Боб приподнялся, сел и полез в свой рюкзак.
– Давай пожрем, – миролюбиво предложил он.
– Не хочу, – хмуро ответил Баженов. – Аппетита нет, и запах здесь противный. С болота, что ли, тянет?
Боб потянул носом.
– Ничего не чую. Прелью, правда, пахнет, так это дерево подгнивает, обычный запах, лесной… Давай, присоединяйся, нечего депрессняк разводить. Никто не обещал, что все сразу найдется и получится…
В это время налетел ветерок, и странный, тошнотворный запах стал чувствоваться уже отчетливо. Они переглянулись.
– Фу, – поморщился Баженов. – Это откуда так прет?
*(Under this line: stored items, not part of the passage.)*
(* Let $\bar n\ge2$, weights $w_{ij}\ge 0$, the matrix $L$, the directed graph $\mathcal G$, the underlying undirected graph $\mathcal G_u$ and the matrices $E,F$ be as in the context, and suppose $\mathcal G_u$ is a tree. Then $\operatorname{rank}F=\bar n-1$ if and only if $\mathcal G$ contains a directed rooted spanning tree as a subgraph.
   Context: Given weights $w_{ij}\ge 0$ ($i\ne j\in\{1,\dots,\bar n\}$), $L\in\mathbb{R}^{\bar n\times\bar n}$ has $L_{ij}=-w_{ij}$ for $i\neq j$, $L_{ii}=\sum_{j\neq i}w_{ij}$. The directed graph $\mathcal G$ has vertex set $\{1,\dots,\bar n\}$ and an arc $(i,j)$ (from $i$ to $j$) if and only if $w_{ji}>0$. The underlying undirected graph $\mathcal G_u$ has an edge between $i$ and $j$ iff $w_{ij}+w_{ji}>0$; $\bar n_e$ is its number of edges. $E\in\mathbb{R}^{\bar n\times\bar n_e}$ is an oriented incidence matrix of $\mathcal G_u$ (each edge is given an orientation and an index $l$; the $l$-th column of $E$ is $e_i-e_j$ for the edge between $i$ and $j$ oriented from $i$ to $j$), and $F\in\mathbb{R}^{\bar n\times\bar n_e}$ has $l$-th column $w_{ij}e_i-w_{ji}e_j$ when the $l$-th column of $E$ is $e_i-e_j$ (so that $L=FE^\top$). A directed rooted spanning tree of $\mathcal G$ is a subgraph which is a directed tree containing all vertices, in which every vertex except a single root vertex has exactly one incoming arc. *)

theory Defs
  imports "Jordan_Normal_Form.DL_Rank"
begin

text \<open>Vertices are 0..<n (the paper's 1..n shifted by one).
  Weights: w i j :: real, meaningful for i \<noteq> j.\<close>

definition dg_arcs :: "nat \<Rightarrow> (nat \<Rightarrow> nat \<Rightarrow> real) \<Rightarrow> (nat \<times> nat) set" where
  "dg_arcs n w = {(i,j). i < n \<and> j < n \<and> i \<noteq> j \<and> w j i > 0}"

definition ug_adj :: "nat \<Rightarrow> (nat \<Rightarrow> nat \<Rightarrow> real) \<Rightarrow> nat \<Rightarrow> nat \<Rightarrow> bool" where
  "ug_adj n w i j \<longleftrightarrow> i < n \<and> j < n \<and> i \<noteq> j \<and> w i j + w j i > 0"

definition ug_connected :: "nat set \<Rightarrow> (nat \<Rightarrow> nat \<Rightarrow> bool) \<Rightarrow> bool" where
  "ug_connected V adj \<longleftrightarrow>
     (\<forall>u\<in>V. \<forall>v\<in>V. (u, v) \<in> {(a, b). a \<in> V \<and> b \<in> V \<and> adj a b}\<^sup>*)"

definition ug_acyclic :: "nat set \<Rightarrow> (nat \<Rightarrow> nat \<Rightarrow> bool) \<Rightarrow> bool" where
  "ug_acyclic V adj \<longleftrightarrow>
     \<not> (\<exists>cs. 3 \<le> length cs \<and> distinct cs \<and> set cs \<subseteq> V \<and>
            (\<forall>k. k + 1 < length cs \<longrightarrow> adj (cs ! k) (cs ! (k + 1))) \<and>
            adj (last cs) (hd cs))"

definition ug_tree :: "nat set \<Rightarrow> (nat \<Rightarrow> nat \<Rightarrow> bool) \<Rightarrow> bool" where
  "ug_tree V adj \<longleftrightarrow> ug_connected V adj \<and> ug_acyclic V adj"

definition directed_rooted_spanning_tree ::
  "nat set \<Rightarrow> (nat \<times> nat) set \<Rightarrow> (nat \<times> nat) set \<Rightarrow> nat \<Rightarrow> bool" where
  "directed_rooted_spanning_tree V A T r \<longleftrightarrow>
     T \<subseteq> A \<and> T \<subseteq> V \<times> V \<and> r \<in> V \<and>
     ug_tree V (\<lambda>a b. (a, b) \<in> T \<or> (b, a) \<in> T) \<and>
     (\<forall>u. (u, r) \<notin> T) \<and>
     (\<forall>v\<in>V. v \<noteq> r \<longrightarrow> (\<exists>!u. (u, v) \<in> T))"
Боб привстал, огляделся, и Баженов вдруг увидел, как он побледнел.
– Леха, – дрогнувшим голосом сказал Боб. – Леха, а ведь это трупом пахнет!
Они снова переглянулись и, не сговариваясь, уставились в ту сторону, где гомонили вороны.
– Там… – одновременно произнесли они.
Несколько минут парни молчали и не трогались с места.
– Пойдем, – наконец сказал Баженов. – Что мы, не мужики, что ли?
Они встали и двинулись туда, где буйствовало вороньё.
– Если там вороны, значит никого нет, – сказал Баженов, стараясь этой странной, нелогичной фразой подбодрить то ли себя, то ли Боба.
И тот его понял, поддакнул:
– Никого, кроме ворон и… трупа.
Они подходили к неглубокой ложбинке, заросшей кустами. С каждым шагом все сильнее чувствовался тяжелый запах, и все оглушительнее звучал адский хор вороньего пиршества.
Боб подобрал суковатую ветку и швырнул в кусты. Стая черных птиц, суматошно хлопая крыльями и хрипло крича, взмыла в воздух и расселась на ветках ближайших деревьев. Боб и Баженов спустились в ложбинку и, стараясь пореже дышать, осторожно раздвинули руками ветки кустов.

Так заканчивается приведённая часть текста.